START EXCERPTED DATA
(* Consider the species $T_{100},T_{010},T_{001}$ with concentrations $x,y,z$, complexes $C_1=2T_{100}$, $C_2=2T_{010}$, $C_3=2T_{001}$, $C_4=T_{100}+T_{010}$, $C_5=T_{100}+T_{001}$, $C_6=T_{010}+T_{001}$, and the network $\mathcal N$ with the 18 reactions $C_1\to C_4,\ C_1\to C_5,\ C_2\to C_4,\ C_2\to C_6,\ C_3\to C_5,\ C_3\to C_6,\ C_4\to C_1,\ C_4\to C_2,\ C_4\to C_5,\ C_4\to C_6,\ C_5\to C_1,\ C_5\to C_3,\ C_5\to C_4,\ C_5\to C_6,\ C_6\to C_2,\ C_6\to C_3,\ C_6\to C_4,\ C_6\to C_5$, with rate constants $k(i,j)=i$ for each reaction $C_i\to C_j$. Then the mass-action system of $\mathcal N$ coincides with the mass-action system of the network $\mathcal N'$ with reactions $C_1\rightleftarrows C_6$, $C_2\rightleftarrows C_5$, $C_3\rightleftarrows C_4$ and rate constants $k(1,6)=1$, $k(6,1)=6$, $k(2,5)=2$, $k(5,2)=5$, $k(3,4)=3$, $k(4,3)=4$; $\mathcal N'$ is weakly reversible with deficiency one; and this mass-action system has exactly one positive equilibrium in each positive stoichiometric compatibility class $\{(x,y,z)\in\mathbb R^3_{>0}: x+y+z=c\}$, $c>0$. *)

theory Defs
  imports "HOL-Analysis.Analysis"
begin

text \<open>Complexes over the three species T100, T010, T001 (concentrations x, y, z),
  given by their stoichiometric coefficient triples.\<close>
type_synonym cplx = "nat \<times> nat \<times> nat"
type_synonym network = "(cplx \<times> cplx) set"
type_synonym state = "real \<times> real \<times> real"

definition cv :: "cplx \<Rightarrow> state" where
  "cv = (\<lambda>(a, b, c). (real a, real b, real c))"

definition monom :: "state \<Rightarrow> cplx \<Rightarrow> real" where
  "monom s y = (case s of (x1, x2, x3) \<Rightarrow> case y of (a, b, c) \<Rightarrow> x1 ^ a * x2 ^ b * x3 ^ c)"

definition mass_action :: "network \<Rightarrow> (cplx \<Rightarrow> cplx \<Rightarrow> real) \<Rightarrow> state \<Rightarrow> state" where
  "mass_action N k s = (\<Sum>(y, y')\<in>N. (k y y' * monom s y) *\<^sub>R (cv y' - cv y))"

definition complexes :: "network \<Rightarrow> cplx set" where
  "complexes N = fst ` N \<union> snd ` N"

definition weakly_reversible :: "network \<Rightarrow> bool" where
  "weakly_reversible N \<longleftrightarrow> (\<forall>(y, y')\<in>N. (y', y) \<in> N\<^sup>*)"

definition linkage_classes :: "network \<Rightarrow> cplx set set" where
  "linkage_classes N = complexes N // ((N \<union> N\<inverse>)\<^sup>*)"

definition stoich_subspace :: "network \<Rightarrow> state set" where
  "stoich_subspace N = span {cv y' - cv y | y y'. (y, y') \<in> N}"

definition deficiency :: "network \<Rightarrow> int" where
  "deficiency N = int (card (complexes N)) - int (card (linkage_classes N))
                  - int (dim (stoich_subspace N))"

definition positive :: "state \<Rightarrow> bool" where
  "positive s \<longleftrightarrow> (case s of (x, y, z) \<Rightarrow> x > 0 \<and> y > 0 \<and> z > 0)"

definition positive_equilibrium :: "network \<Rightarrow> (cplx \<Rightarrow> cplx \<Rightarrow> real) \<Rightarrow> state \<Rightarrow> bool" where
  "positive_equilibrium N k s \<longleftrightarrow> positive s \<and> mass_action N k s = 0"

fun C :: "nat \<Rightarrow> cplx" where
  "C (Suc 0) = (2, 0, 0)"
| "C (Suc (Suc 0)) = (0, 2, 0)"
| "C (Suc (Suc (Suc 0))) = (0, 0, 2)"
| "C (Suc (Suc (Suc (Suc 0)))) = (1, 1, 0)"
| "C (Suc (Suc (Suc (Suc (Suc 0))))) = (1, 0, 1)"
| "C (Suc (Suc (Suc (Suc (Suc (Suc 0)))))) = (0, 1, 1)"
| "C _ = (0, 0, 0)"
END EXCERPTED DATA
**WHAT YOU ARE ASKED TO DO:** Return the listing word for word.

**YOUR RESPONSE:**
(* Consider the species $T_{100},T_{010},T_{001}$ with concentrations $x,y,z$, complexes $C_1=2T_{100}$, $C_2=2T_{010}$, $C_3=2T_{001}$, $C_4=T_{100}+T_{010}$, $C_5=T_{100}+T_{001}$, $C_6=T_{010}+T_{001}$, and the network $\mathcal N$ with the 18 reactions $C_1\to C_4,\ C_1\to C_5,\ C_2\to C_4,\ C_2\to C_6,\ C_3\to C_5,\ C_3\to C_6,\ C_4\to C_1,\ C_4\to C_2,\ C_4\to C_5,\ C_4\to C_6,\ C_5\to C_1,\ C_5\to C_3,\ C_5\to C_4,\ C_5\to C_6,\ C_6\to C_2,\ C_6\to C_3,\ C_6\to C_4,\ C_6\to C_5$, with rate constants $k(i,j)=i$ for each reaction $C_i\to C_j$. Then the mass-action system of $\mathcal N$ coincides with the mass-action system of the network $\mathcal N'$ with reactions $C_1\rightleftarrows C_6$, $C_2\rightleftarrows C_5$, $C_3\rightleftarrows C_4$ and rate constants $k(1,6)=1$, $k(6,1)=6$, $k(2,5)=2$, $k(5,2)=5$, $k(3,4)=3$, $k(4,3)=4$; $\mathcal N'$ is weakly reversible with deficiency one; and this mass-action system has exactly one positive equilibrium in each positive stoichiometric compatibility class $\{(x,y,z)\in\mathbb R^3_{>0}: x+y+z=c\}$, $c>0$. *)

theory Defs
  imports "HOL-Analysis.Analysis"
begin

text \<open>Complexes over the three species T100, T010, T001 (concentrations x, y, z),
  given by their stoichiometric coefficient triples.\<close>
type_synonym cplx = "nat \<times> nat \<times> nat"
type_synonym network = "(cplx \<times> cplx) set"
type_synonym state = "real \<times> real \<times> real"

definition cv :: "cplx \<Rightarrow> state" where
  "cv = (\<lambda>(a, b, c). (real a, real b, real c))"

definition monom :: "state \<Rightarrow> cplx \<Rightarrow> real" where
  "monom s y = (case s of (x1, x2, x3) \<Rightarrow> case y of (a, b, c) \<Rightarrow> x1 ^ a * x2 ^ b * x3 ^ c)"

definition mass_action :: "network \<Rightarrow> (cplx \<Rightarrow> cplx \<Rightarrow> real) \<Rightarrow> state \<Rightarrow> state" where
  "mass_action N k s = (\<Sum>(y, y')\<in>N. (k y y' * monom s y) *\<^sub>R (cv y' - cv y))"

definition complexes :: "network \<Rightarrow> cplx set" where
  "complexes N = fst ` N \<union> snd ` N"

definition weakly_reversible :: "network \<Rightarrow> bool" where
  "weakly_reversible N \<longleftrightarrow> (\<forall>(y, y')\<in>N. (y', y) \<in> N\<^sup>*)"

definition linkage_classes :: "network \<Rightarrow> cplx set set" where
  "linkage_classes N = complexes N // ((N \<union> N\<inverse>)\<^sup>*)"

definition stoich_subspace :: "network \<Rightarrow> state set" where
  "stoich_subspace N = span {cv y' - cv y | y y'. (y, y') \<in> N}"

definition deficiency :: "network \<Rightarrow> int" where
  "deficiency N = int (card (complexes N)) - int (card (linkage_classes N))
                  - int (dim (stoich_subspace N))"

definition positive :: "state \<Rightarrow> bool" where
  "positive s \<longleftrightarrow> (case s of (x, y, z) \<Rightarrow> x > 0 \<and> y > 0 \<and> z > 0)"

definition positive_equilibrium :: "network \<Rightarrow> (cplx \<Rightarrow> cplx \<Rightarrow> real) \<Rightarrow> state \<Rightarrow> bool" where
  "positive_equilibrium N k s \<longleftrightarrow> positive s \<and> mass_action N k s = 0"

fun C :: "nat \<Rightarrow> cplx" where
  "C (Suc 0) = (2, 0, 0)"
| "C (Suc (Suc 0)) = (0, 2, 0)"
| "C (Suc (Suc (Suc 0))) = (0, 0, 2)"
| "C (Suc (Suc (Suc (Suc 0)))) = (1, 1, 0)"
| "C (Suc (Suc (Suc (Suc (Suc 0))))) = (1, 0, 1)"
| "C (Suc (Suc (Suc (Suc (Suc (Suc 0)))))) = (0, 1, 1)"
| "C _ = (0, 0, 0)"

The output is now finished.